Sachsens Ministerpräsident Michael Kretschmer (49, CDU) hat bei der Landtagswahl im Sommer die AfD in Schach gehalten. Zu seinen Erfolgsrezepten gehört die scharfe Abgrenzung von der Politik aus Berlin und sein Plädoyer für einen anderen Umgang mit Russland.

Im Interview nimmt Kretschmer kein Blatt vor den Mund. Was sagt der gebürtige Görlitzer über die Abstimmung der Union mit der AfD im Bundestag? Will er wirklich wieder Putins Gas kaufen? Und wird er die Rufe seiner Partei erhören, nach der Bundestagswahl zurück nach Berlin zu kommen?

Frage: Herr Kretschmer, wie ist der doppelte Tabubruch von Friedrich Merz bei den Sachsen angekommen?

Antwort: Ich kenne keinen Tabubruch von Friedrich Merz.

Frage: Der Unions-Kandidat hat sein Versprechen gebrochen und sich eine Bundestagsmehrheit mit der AfD beschafft. Und er will EU-Recht brechen, um Flüchtlinge nicht ins Land zu lassen.

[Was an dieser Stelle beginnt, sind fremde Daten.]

text \<open>Extension graph E_1(w): bipartite graph, left vertices Inl a (aw \<in> L),
right vertices Inr b (wb \<in> L), edge between Inl a and Inr b iff awb \<in> L.\<close>
definition ext_vertices :: "'a list set \<Rightarrow> 'a list \<Rightarrow> ('a + 'a) set" where
  "ext_vertices L w = Inl ` {a. a # w \<in> L} \<union> Inr ` {b. w @ [b] \<in> L}"

definition ext_adj :: "'a list set \<Rightarrow> 'a list \<Rightarrow> ('a + 'a) \<Rightarrow> ('a + 'a) \<Rightarrow> bool" where
  "ext_adj L w u v \<longleftrightarrow>
     (\<exists>a b. ((u = Inl a \<and> v = Inr b) \<or> (u = Inr b \<and> v = Inl a)) \<and> a # w @ [b] \<in> L)"

definition graph_connected :: "'v set \<Rightarrow> ('v \<Rightarrow> 'v \<Rightarrow> bool) \<Rightarrow> bool" where
  "graph_connected V E \<longleftrightarrow> (\<forall>u\<in>V. \<forall>v\<in>V. (\<lambda>x y. x \<in> V \<and> y \<in> V \<and> E x y)\<^sup>*\<^sup>* u v)"

definition graph_has_cycle :: "'v set \<Rightarrow> ('v \<Rightarrow> 'v \<Rightarrow> bool) \<Rightarrow> bool" where
  "graph_has_cycle V E \<longleftrightarrow> (\<exists>cs. length cs \<ge> 3 \<and> distinct cs \<and> set cs \<subseteq> V \<and>
      (\<forall>i. Suc i < length cs \<longrightarrow> E (cs ! i) (cs ! Suc i)) \<and> E (last cs) (hd cs))"

definition graph_tree :: "'v set \<Rightarrow> ('v \<Rightarrow> 'v \<Rightarrow> bool) \<Rightarrow> bool" where
  "graph_tree V E \<longleftrightarrow> V \<noteq> {} \<and> graph_connected V E \<and> \<not> graph_has_cycle V E"

definition ext_graph_is_tree :: "(int \<Rightarrow> 'a) set \<Rightarrow> 'a list \<Rightarrow> bool" where
  "ext_graph_is_tree Y w = graph_tree (ext_vertices (lang Y) w) (ext_adj (lang Y) w)"

definition eventually_dendric :: "(int \<Rightarrow> 'a) set \<Rightarrow> bool" where
  "eventually_dendric Y \<longleftrightarrow>
     (\<exists>m::nat. \<forall>w \<in> lang Y. length w \<ge> m \<longrightarrow> ext_graph_is_tree Y w)"

end

theory Submission
  imports Defs
begin

text \<open>Extended to words, the higher block code sends each word v of L(X) with |v| >= k
injectively to a word of length |v| - k + 1 of L(X^(k)), and every nonempty word of L(X^(k))
arises this way. If p and s are the first and the last k - 1 letters of v, then a extends v
on the left iff f(ap) extends its image on the left, and b extends v on the right iff f(sb)
extends it on the right; as f is injective on k-blocks, a \<mapsto> f(ap), b \<mapsto> f(sb)
is an isomorphism between the two extension graphs. So the thresholds from which on all
extension graphs are trees differ by at most k.\<close>

lemma ex_length_Suc_0_iff: "(\<exists>xs. length xs = Suc 0 \<and> P xs) \<longleftrightarrow> (\<exists>x. P [x])"
  by (auto simp: length_Suc_conv)

lemma length_factor [simp]: "length (factor x n m) = m"
  by (simp add: factor_def)

lemma nth_factor [simp]: "i < m \<Longrightarrow> factor x n m ! i = x (n + int i)"
  by (simp add: factor_def)

lemma take_drop_factor: "i + j \<le> m \<Longrightarrow> take j (drop i (factor x n m)) = factor x (n + int i) j"
  by (rule nth_equalityI) (simp_all add: add.assoc)

lemma take_drop_mem_lang:
  assumes "v \<in> lang X" "i + j \<le> length v"
  shows "take j (drop i v) \<in> lang X"
proof -
  from assms(1) obtain x n where "x \<in> X" and v: "v = factor x n (length v)"
    unfolding lang_def by blast
  have "take j (drop i (factor x n (length v))) = factor x (n + int i) j"
    using assms(2) by (rule take_drop_factor)
  with \<open>x \<in> X\<close> show ?thesis
    unfolding lang_def v[symmetric] by auto
qed

lemma Cons_mem_langD: "a # v \<in> lang X \<Longrightarrow> v \<in> lang X"
  using take_drop_mem_lang[of "a # v" X 1 "length v"] by simp

lemma snoc_mem_langD: "v @ [b] \<in> lang X \<Longrightarrow> v \<in> lang X"
  using take_drop_mem_lang[of "v @ [b]" X 0 "length v"] by simp

lemma take_mem_lang_k: "w \<in> lang X \<Longrightarrow> k \<le> length w \<Longrightarrow> take k w \<in> lang_k X k"
  using take_drop_mem_lang[of w X 0 k] by (simp add: lang_k_def)

lemma drop_mem_lang_k:
  "w \<in> lang X \<Longrightarrow> k \<le> length w \<Longrightarrow> drop (length w - k) w \<in> lang_k X k"
  using take_drop_mem_lang[of w X "length w - k" k] by (simp add: lang_k_def)

definition block_code :: "nat \<Rightarrow> ('a list \<Rightarrow> 'b) \<Rightarrow> 'a list \<Rightarrow> 'b list" where
  "block_code k f v = map (\<lambda>i. f (take k (drop i v))) [0..<length v + 1 - k]"

lemma length_block_code [simp]: "length (block_code k f v) = length v + 1 - k"
  by (simp add: block_code_def)

lemma nth_block_code [simp]:
  "i < length v + 1 - k \<Longrightarrow> block_code k f v ! i = f (take k (drop i v))"
  by (simp add: block_code_def)

lemma block_code_take_drop:
  assumes "i + n \<le> length w"
  shows "block_code k f (take n (drop i w)) = take (n + 1 - k) (drop i (block_code k f w))"
proof (rule nth_equalityI)
  fix j assume "j < length (block_code k f (take n (drop i w)))"
  then have "j < length (take n (drop i w)) + 1 - k" "j + k \<le> n" "i + j < length w + 1 - k"
    using assms by auto
  then show "block_code k f (take n (drop i w)) ! j = take (n + 1 - k) (drop i (block_code k f w)) ! j"
    by (simp add: drop_take take_take min_def add.commute)
qed (use assms in simp)

lemma block_code_Cons:
  assumes "k \<le> length (a # v)"
  shows "block_code k f (a # v) = f (take k (a # v)) # block_code k f v"
proof -
  have "length (a # v) + 1 - k = Suc (length v + 1 - k)" using assms by simp
  then show ?thesis by (simp add: block_code_def map_upt_Suc del: upt_Suc)
qed

lemma block_code_snoc:
  assumes "k \<le> length (v @ [b])"
  shows "block_code k f (v @ [b]) = block_code k f v @ [f (drop (length v + 1 - k) (v @ [b]))]"
proof (rule nth_equalityI)
  fix i assume "i < length (block_code k f (v @ [b]))"
  then consider "i < length v + 1 - k" | "i = length v + 1 - k" using assms by fastforce
  then show "block_code k f (v @ [b]) ! i
      = (block_code k f v @ [f (drop (length v + 1 - k) (v @ [b]))]) ! i"
    by cases (use assms in \<open>auto simp: nth_append\<close>)
qed (use assms in simp)

lemma block_code_Cons_snoc:
  assumes "k \<le> length (a # v)"
  shows "block_code k f (a # v @ [b])
    = f (take k (a # v)) # block_code k f v @ [f (drop (length v + 1 - k) (v @ [b]))]"
  using assms by (simp add: block_code_Cons block_code_snoc take_Cons')

lemma factor_higher_block_code:
  assumes "k \<ge> 1"
  shows "factor (higher_block_code k f x) n m = block_code k f (factor x n (m + k - 1))"
  using assms by (intro nth_equalityI)
    (simp_all add: higher_block_code_def take_drop_factor)

lemma lang_higher_block_code_iff:
  assumes "k \<ge> 1"
  shows "u \<in> lang (higher_block_code k f ` X) \<longleftrightarrow>
    (\<exists>v \<in> lang X. length v = length u + k - 1 \<and> u = block_code k f v)"
proof
  assume "u \<in> lang (higher_block_code k f ` X)"
  then obtain x n where "x \<in> X" and u: "u = factor (higher_block_code k f x) n (length u)"
    unfolding lang_def by blast
  show "\<exists>v \<in> lang X. length v = length u + k - 1 \<and> u = block_code k f v"
  proof (intro bexI conjI)
    show "u = block_code k f (factor x n (length u + k - 1))"
      using u factor_higher_block_code[OF assms] by (rule trans)
  qed (use \<open>x \<in> X\<close> in \<open>auto simp: lang_def\<close>)
next
  assume "\<exists>v \<in> lang X. length v = length u + k - 1 \<and> u = block_code k f v"
  then obtain v where v: "v \<in> lang X" "length v = length u + k - 1" "u = block_code k f v"
    by blast
  then obtain x n where "x \<in> X" and vx: "v = factor x n (length v)"
    unfolding lang_def by blast
  have u: "u = block_code k f (factor x n (length u + k - 1))"
    using v(3) vx unfolding v(2) by simp
  have "u = factor (higher_block_code k f x) n (length u)"
    using u factor_higher_block_code[OF assms, symmetric] by (rule trans)
  with \<open>x \<in> X\<close> show "u \<in> lang (higher_block_code k f ` X)"
    unfolding lang_def by blast
qed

Antwort: Bei unzähligen Wahlen in den vergangenen Jahren haben die Menschen angegeben, ein wichtiger Beweggrund für die Wahlentscheidung sei die Unzufriedenheit mit der Migration gewesen. Die Fünf Punkte von Friedrich Merz sind sehr klug ausgewählt, weil sie gemeinsame Beschlüsse aller Ministerpräsidenten und Punkte aus dem SPD-Wahlprogramm aufgreifen. Wir schlagen Änderungen vor, die in anderen Ländern längst Normalität sind. Wann kommt die Politik ins Handeln, statt Haltung einzufordern? Ich beteilige mich nicht an der Placebo-Diskussion, ich möchte, dass wir die Demokratie verteidigen. Das gelingt, wenn man die Probleme löst, die den Menschen unter den Nägeln brennen.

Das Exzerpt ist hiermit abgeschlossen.